ALL POSTS, storytelling

Call me when you get there.

The Eddy speaks. 

“They are waiting for you, Salvatore.” The Eddy speaks, though he doesn’t sound as he did before. Gone is the salted croak, the blood-curdling malice of his wretched screams. He speaks as though through a velvet veil and Salvo must armour himself against the smoothness of the words. 

“Don’t you want to join them, Salvatore, your brothers and sisters. They cry for you, don’t you hear them? They long for their long-lost brother, the kin of their own kind, they want to give you everything you desire, and more.” 

The Eddy steps closer, cocks his silken head. His skin glows a greenish opaque, the molten transparency of stained glass, the rough cut distortion of sea glass. He moves like he is floating. 

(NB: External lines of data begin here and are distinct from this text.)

lemma pmul_remove_var_pvar:
  "pmul (remove_var x f) (pvar x) =
     (\<Sum>w\<in>Poly_Mapping.keys f. Poly_Mapping.single (remove1 x w @ [x]) (Poly_Mapping.lookup f w))"
  unfolding remove_var_def pmul_sum_left pvar_def pmul_single_single by simp

lemma image_lessThan_eq_insert_last: "0 < (m::nat) \<Longrightarrow> z ` {..<m} = insert (z (m - 1)) (z ` {..<m - 1})"
  by (cases m) (auto simp: lessThan_Suc)

lemma last_notin_image_lessThan: "inj_on z {..<m} \<Longrightarrow> 0 < (m::nat) \<Longrightarrow> z (m - 1) \<notin> z ` {..<m - 1}"
  by (subst inj_on_image_mem_iff) auto

lemma Gamma_diff: "f \<in> Gamma z n \<Longrightarrow> g \<in> Gamma z n \<Longrightarrow> f - g \<in> Gamma z n"
  using keys_diff[of f g] unfolding Gamma_def by blast

lemma Gamma_remove_var_last:
  assumes "inj_on z {..<m}" "0 < m" "f \<in> Gamma z m"
  shows "remove_var (z (m - 1)) f \<in> Gamma z (m - 1)"
proof -
  let ?x = "z (m - 1)"
  have "Poly_Mapping.keys (remove_var ?x f) \<subseteq> remove1 ?x ` Poly_Mapping.keys f"
    unfolding remove_var_def by (rule order_trans[OF keys_sum]) auto
  moreover have "distinct (remove1 ?x w) \<and> set (remove1 ?x w) = z ` {..<m - 1}"
    if "w \<in> Poly_Mapping.keys f" for w
    using that assms image_lessThan_eq_insert_last[OF assms(2), of z] last_notin_image_lessThan[OF assms(1,2)]
    unfolding Gamma_def by auto
  ultimately show ?thesis
    unfolding Gamma_def by blast
qed

lemma Gamma_pmul_pvar_last:
  assumes "inj_on z {..<m}" "0 < m" "g \<in> Gamma z (m - 1)"
  shows "pmul g (pvar (z (m - 1))) \<in> Gamma z m"
proof -
  let ?x = "z (m - 1)"
  have "Poly_Mapping.keys (pmul g (pvar ?x)) \<subseteq> (\<lambda>w. w @ [?x]) ` Poly_Mapping.keys g"
    unfolding pmul_pvar_right by (rule order_trans[OF keys_sum]) auto
  moreover have "distinct (w @ [?x]) \<and> set (w @ [?x]) = z ` {..<m}"
    if "w \<in> Poly_Mapping.keys g" for w
    using that assms image_lessThan_eq_insert_last[OF assms(2), of z] last_notin_image_lessThan[OF assms(1,2)]
    unfolding Gamma_def by auto
  ultimately show ?thesis
    unfolding Gamma_def by blast
qed

lemma Gamma_keys_split_last:
  assumes "inj_on z {..<m}" "0 < m" "f \<in> Gamma z m" "w \<in> Poly_Mapping.keys f"
  obtains a b where "w = map z a @ z (m - 1) # map z b" "set a \<subseteq> {..<m - 1}" "set b \<subseteq> {..<m - 1}"
proof -
  let ?x = "z (m - 1)"
  have w: "distinct w" "set w = insert ?x (z ` {..<m - 1})"
    using assms(3,4) image_lessThan_eq_insert_last[OF assms(2), of z] unfolding Gamma_def by auto
  then obtain u v where uv: "w = u @ ?x # v"
    using split_list[of ?x w] by auto
  have "?x \<notin> set u" "?x \<notin> set v"
    using w(1) uv by auto
  then have "set u \<union> set v \<subseteq> set w - {?x}"
    unfolding uv by auto
  also have "\<dots> \<subseteq> z ` {..<m - 1}"
    using w(2) by auto
  finally have "u \<in> lists (z ` {..<m - 1})" "v \<in> lists (z ` {..<m - 1})"
    by auto
  then obtain a b where "u = map z a" "a \<in> lists {..<m - 1}" "v = map z b" "b \<in> lists {..<m - 1}"
    unfolding lists_image by blast
  then show ?thesis
    using that uv by auto
qed

lemma last_in_comms_move_last:
  assumes "inj_on z {..<m}" "0 < m" "f \<in> Gamma z m"
  shows "last_in_comms z m (f - pmul (remove_var (z (m - 1)) f) (pvar (z (m - 1))))"
proof -
  let ?x = "z (m - 1)"
  have "f - pmul (remove_var ?x f) (pvar ?x) =
    (\<Sum>w\<in>Poly_Mapping.keys f. Poly_Mapping.single w (Poly_Mapping.lookup f w)
       - Poly_Mapping.single (remove1 ?x w @ [?x]) (Poly_Mapping.lookup f w))"
    unfolding pmul_remove_var_pvar sum_subtractf using poly_mapping_sum_single[of f] by simp
  also have "last_in_comms z m \<dots>"
  proof (rule last_in_comms_sum)
    fix w assume "w \<in> Poly_Mapping.keys f"
    then obtain a b where w: "w = map z a @ ?x # map z b" and ab: "set a \<subseteq> {..<m - 1}" "set b \<subseteq> {..<m - 1}"
      using Gamma_keys_split_last assms by blast
    have "?x \<notin> set (map z a)"
      using ab last_notin_image_lessThan[OF assms(1,2)] by auto
    then have "remove1 ?x w = map z (a @ b)"
      unfolding w by (simp add: remove1_append)
    then show "last_in_comms z m (Poly_Mapping.single w (Poly_Mapping.lookup f w)
       - Poly_Mapping.single (remove1 ?x w @ [?x]) (Poly_Mapping.lookup f w))"
      unfolding w using last_in_comms_move_last_var[OF assms(2) ab] by simp
  qed
  finally show ?thesis .
qed

section \<open>The Grassmann algebra\<close>

definition gfinite :: "(nat set \<Rightarrow> 'a::field) \<Rightarrow> bool" where
  "gfinite y \<longleftrightarrow> (\<forall>S. infinite S \<longrightarrow> y S = 0)"

definition gsupp_le :: "nat \<Rightarrow> (nat set \<Rightarrow> 'a::field) \<Rightarrow> bool" where
  "gsupp_le N y \<longleftrightarrow> (\<forall>T. y T \<noteq> 0 \<longrightarrow> T \<subseteq> {..N})"

definition gbasis :: "nat set \<Rightarrow> nat set \<Rightarrow> 'a::field" where
  "gbasis S T = (if T = S then 1 else 0)"

lemma gmult_infinite: "infinite S \<Longrightarrow> gmult x y S = 0"
  by (simp add: gmult_def)

lemma gfinite_gmult: "gfinite (gmult x y)"
  by (simp add: gfinite_def gmult_infinite)

lemma gfinite_foldr_gmult: "gfinite (foldr gmult ws gone)"
  by (cases ws) (auto simp: gfinite_def gone_def gmult_infinite)

lemma ghom_gfinite: "ghom h k y \<Longrightarrow> gfinite y"
  unfolding ghom_def gelem_def gfinite_def by blast

lemma ginv_empty_left [simp]: "ginv {} B = 0"
  by (simp add: ginv_def)

lemma ginv_empty_right [simp]: "ginv A {} = 0"
  by (simp add: ginv_def)

lemma gmult_gone_left: "gfinite y \<Longrightarrow> gmult gone y = y"
proof (rule ext)
  fix S assume y: "gfinite y"
  show "gmult gone y S = y S"
  proof (cases "finite S")
    case True
    have "gmult gone y S = (\<Sum>A\<in>Pow S. if A = {} then y S else 0)"
      unfolding gmult_def gone_def by (rule sum.cong) auto
    then show ?thesis using True by simp
  qed (use y in \<open>simp add: gfinite_def gmult_infinite\<close>)
qed

lemma gmult_gone_right: "gfinite y \<Longrightarrow> gmult y gone = y"
proof (rule ext)
  fix S assume y: "gfinite y"
  show "gmult y gone S = y S"
  proof (cases "finite S")
    case True
    have "gmult y gone S = (\<Sum>A\<in>Pow S. if A = S then y S else 0)"
      unfolding gmult_def gone_def by (rule sum.cong) auto
    then show ?thesis using True by simp
  qed (use y in \<open>simp add: gfinite_def gmult_infinite\<close>)
qed

lemma ginv_Un_left:
  assumes "finite A" "finite B" "finite D" "A \<inter> B = {}"
  shows "ginv (A \<union> B) D = ginv A D + ginv B D"
proof -
  have "{(a, b). a \<in> A \<union> B \<and> b \<in> D \<and> b < a}
      = {(a, b). a \<in> A \<and> b \<in> D \<and> b < a} \<union> {(a, b). a \<in> B \<and> b \<in> D \<and> b < a}"
    by auto
  moreover have "finite {(a, b). a \<in> A \<and> b \<in> D \<and> b < a}" "finite {(a, b). a \<in> B \<and> b \<in> D \<and> b < a}"
    by (rule finite_subset[of _ "A \<times> D"] finite_subset[of _ "B \<times> D"]; use assms in auto)+
  ultimately show ?thesis
    unfolding ginv_def using assms(4) by (subst card_Un_disjoint[symmetric]) auto
qed

lemma ginv_Un_right:
  assumes "finite A" "finite B" "finite D" "B \<inter> D = {}"
  shows "ginv A (B \<union> D) = ginv A B + ginv A D"
proof -
  have "{(a, b). a \<in> A \<and> b \<in> B \<union> D \<and> b < a}
      = {(a, b). a \<in> A \<and> b \<in> B \<and> b < a} \<union> {(a, b). a \<in> A \<and> b \<in> D \<and> b < a}"
    by auto
  moreover have "finite {(a, b). a \<in> A \<and> b \<in> B \<and> b < a}" "finite {(a, b). a \<in> A \<and> b \<in> D \<and> b < a}"
    by (rule finite_subset[of _ "A \<times> B"] finite_subset[of _ "A \<times> D"]; use assms in auto)+
  ultimately show ?thesis
    unfolding ginv_def using assms(4) by (subst card_Un_disjoint[symmetric]) auto
qed

(* Both sides sum over ordered splittings S = B \<union> C \<union> (S - B - C); the signs agree because
   ginv is additive in each argument. *)
lemma gmult_assoc: "gmult (gmult x y) w = gmult x (gmult y w)"
proof (rule ext)
  fix S :: "nat set"
  show "gmult (gmult x y) w S = gmult x (gmult y w) S"
  proof (cases "finite S")
    case False
    then show ?thesis by (simp add: gmult_infinite)
  next
    case True
    define F where "F A B = (-1) ^ ginv A (S - A) * (-1) ^ ginv B (A - B) * x B * y (A - B) * w (S - A)" for A B
    define G where "G B C = (-1) ^ ginv B (S - B) * (-1) ^ ginv C (S - B - C) * x B * y C * w (S - B - C)" for B C
    have "gmult (gmult x y) w S = (\<Sum>A\<in>Pow S. \<Sum>B\<in>Pow A. F A B)"
      unfolding gmult_def F_def by (simp add: sum_distrib_left sum_distrib_right mult_ac)
    also have "\<dots> = (\<Sum>A\<in>Pow S. \<Sum>B\<in>{B. B \<in> Pow S \<and> B \<subseteq> A}. F A B)"
      by (rule sum.cong[OF refl], rule sum.cong) auto
    also have "\<dots> = (\<Sum>B\<in>Pow S. \<Sum>A\<in>{A. A \<in> Pow S \<and> B \<subseteq> A}. F A B)"
      by (rule sum.swap_restrict) (use True in auto)
    also have "\<dots> = (\<Sum>B\<in>Pow S. \<Sum>C\<in>Pow (S - B). G B C)"
    proof (rule sum.cong[OF refl])
      fix B assume B: "B \<in> Pow S"
      show "(\<Sum>A\<in>{A. A \<in> Pow S \<and> B \<subseteq> A}. F A B) = (\<Sum>C\<in>Pow (S - B). G B C)"
      proof (rule sym, rule sum.reindex_bij_witness[of _ "\<lambda>A. A - B" "\<lambda>C. B \<union> C"])
        fix C assume C: "C \<in> Pow (S - B)"
        have fin: "finite B" "finite C" "finite (S - B - C)"
          using B C True by (auto intro: finite_subset)
        have "S - B = C \<union> (S - B - C)"
          using C by auto
        then have "ginv B (S - B) = ginv B C + ginv B (S - B - C)"
          using ginv_Un_right[OF fin(1,2,3)] by simp
        moreover have "ginv (B \<union> C) (S - B - C) = ginv B (S - B - C) + ginv C (S - B - C)"
          by (rule ginv_Un_left) (use fin C in auto)
        moreover have "S - (B \<union> C) = S - B - C" "(B \<union> C) - B = C"
          using C by auto
        ultimately show "F (B \<union> C) B = G B C"
          unfolding F_def G_def by (simp add: power_add mult_ac)
      qed (use B in auto)
    qed
    also have "\<dots> = gmult x (gmult y w) S"
      unfolding gmult_def G_def by (simp add: sum_distrib_left sum_distrib_right mult_ac Diff_Un Un_commute)
    finally show ?thesis .
  qed
qed

lemma foldr_gmult_eq_gmult: "gfinite y \<Longrightarrow> foldr gmult ws y = gmult (foldr gmult ws gone) y"
  by (induction ws) (simp_all add: gmult_gone_left gmult_assoc)

lemma gmult_sum_left:
  "gmult (\<lambda>T. \<Sum>i\<in>I. c i * g i T) y = (\<lambda>S. \<Sum>i\<in>I. c i * gmult (g i) y S)"
proof (rule ext)
  fix S
  have "gmult (\<lambda>T. \<Sum>i\<in>I. c i * g i T) y S
      = (\<Sum>A\<in>Pow S. \<Sum>i\<in>I. c i * ((-1) ^ ginv A (S - A) * g i A * y (S - A)))"
    by (simp add: gmult_def sum_distrib_left sum_distrib_right mult_ac)
  also have "\<dots> = (\<Sum>i\<in>I. c i * gmult (g i) y S)"
    by (subst sum.swap) (simp add: gmult_def sum_distrib_left)
  finally show "gmult (\<lambda>T. \<Sum>i\<in>I. c i * g i T) y S = (\<Sum>i\<in>I. c i * gmult (g i) y S)" .
qed
(* Let $n\ge1$. Then $$\mathbf{C}_n\times\mathbf{C}_n=\sum_{d\mid n}\#\{P\in\mathbf{SP}_n:|\mathrm{Stab}(P)|=d\}\cdot\mathbf{C}_{(d^{n/d})}.$$ Equivalently, the coefficients $b^\mu_{n,n}$ defined by $\mathbf{C}_{(n)}(\mathbf{z})\star\mathbf{C}_{(n)}(\mathbf{z})=\sum_{\mu\vdash n}b^\mu_{n,n}\mathbf{C}_\mu(\mathbf{z})$ satisfy $b^\mu_{n,n}=\#\{P\in\mathbf{SP}_n:|\mathrm{Stab}(P)|=d\}$ if $\mu=(d^{n/d})$ for some $d\mid n$, and $b^\mu_{n,n}=0$ otherwise.
   Context: For $\mu\vdash n$, $\sigma_\mu$ is the standard permutation of cycle type $\mu$ (cycles filled with $1,\ldots,n$ in increasing order), $\mathbf{C}_\mu=X^n/\langle\sigma_\mu\rangle$ where $(X^n/H)[U]=\{\lambda H:\lambda:[n]\to U\text{ bijection}\}$, $\mathbf{C}_n:=\mathbf{C}_{(n)}$, $(d^{n/d})$ is the partition with $n/d$ parts equal to $d$, and $(F\times G)[U]=F[U]\times G[U]$; $\mathbf{C}_\mu(\mathbf{z})=\frac{1}{o(\sigma_\mu)}\sum_{g\in\langle\sigma_\mu\rangle}p_{\lambda(g)}$ is the cycle index, forming a basis of $\Lambda_n\otimes\mathbb{Q}$, and $\star$ is the Kronecker product ($p_\lambda\star p_\nu=\delta_{\lambda\nu}z_\lambda p_\lambda$). Steggall patterns: the group $\mathbb{Z}_n\times\mathbb{Z}_n$ acts on permutations $(P_1,\ldots,P_n)$ of $[n]$ (viewed as $n$ non-attacking marked cells in an $n\times n$ grid) by $(r,k)\cdot(P_i)_i=(P_{i+r}+k \bmod n)_i$ (indices and values taken mod $n$ in $\{1,\ldots,n\}$), i.e. cyclic shift of indices and translation of values. $\mathbf{SP}_n$ is the set of orbits (Steggall patterns). For $P\in\mathbf{SP}_n$, $\mathrm{Stab}(P)=\{(r,k)\in\mathbb{Z}_n\times\mathbb{Z}_n:(P_{i+r}+k\bmod n)_i=(P_i)_i\}$ computed for any representative $(P_i)_i$ of the orbit (independent of the representative since the group is abelian). *)

theory Defs
  imports Main "HOL-Library.FuncSet" "HOL-Combinatorics.Permutations"
begin

text \<open>A partition mu is given as a list of its parts. The standard permutation
  sigma_mu of [n] = {1..n}: the cycles are consecutive blocks of 1..n of lengths
  mu_1, mu_2, ..., each cycle mapping i to i+1 and the last element of the block
  back to its first element.\<close>

definition std_perm :: "nat list \<Rightarrow> nat \<Rightarrow> nat" where
  "std_perm mu i =
     (let s = (\<lambda>k. sum_list (take k mu)) in
      if (\<exists>k<length mu. s k < i \<and> i \<le> s (Suc k)) then
        (let k = (THE k. k < length mu \<and> s k < i \<and> i \<le> s (Suc k)) in
           if i = s (Suc k) then s k + 1 else i + 1)
      else i)"

definition cyc_group :: "(nat \<Rightarrow> nat) \<Rightarrow> (nat \<Rightarrow> nat) set" where
  "cyc_group \<sigma> = range (\<lambda>k. \<sigma> ^^ k)"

“We know what you want, Salvatore. We have heard your cries, those pent up feelings and thoughts of us, of our home. We have watched you, you know. Have felt you come so close to reaching us, so close to coming home to us, and now here we are.” 

“What do you mean?” Salvo screams at the man. His voice carried barely through the building of the storm. Desperation slings its step in his words and the quiver of his throat is real as he shivers in the cold. “I have a home, this is my home. My mother will be worried about me, she will be looking everywhere, and she will come here, soon. My father-” 

“Your father!” The Eddy shrieks, suddenly running towards the boy, reaching him in a heart beat and clasping his face with his scaly hands. Salvo cringes away but the fingers hold fast, long fingernails puckering the soft skin of his cheeks. “You speak of that man as your father? Think, Salvatore, think! Do you really believe that that man is your real father? The one who raised you, fed you, taught you to dip and dive and ride the currents of the sea like a bird on the crest of the wind’s tail? You think that man, that big, bulking land dweller is the one you should be calling father?” 

Salvo shakes his head, desperate to brush off the words, to disagree, to yell his disbelief and tell the Eddy that he is wrong. But something niggles, a barely laid tadpole of a thing. A uncertainty, an inability to claim that he does not feel the distance between himself and his father. The way he would catch him staring at his son, this darkling little thing, and there would be no kinship in his blue, furrowed eyes. 

“The sea,” Salvo says slowly, winding back the little hints, the small feint markings of something that had never quite been right. 

The Eddy nods softly. “He kept you from us, always. We tried to call to you, to make you hear our voices and remember, remember the place you came from – your true home – but he always stopped us. Finding small ways, he kept us from you and locked you away.” 

And Salvo remembers. The summers spent under the watchfulness of his father, the insistence that he should be moved to the room at the back of the house, facing the mountains and away from the sounds of the rustling sea. His father’s unwillingness to let him join him on his boat, the way he was always relegated to the cage of the shore, the sandy banks, forbidden from venturing close to the teasing waters. A terrible dawning lodges itself in him. He suddenly sees.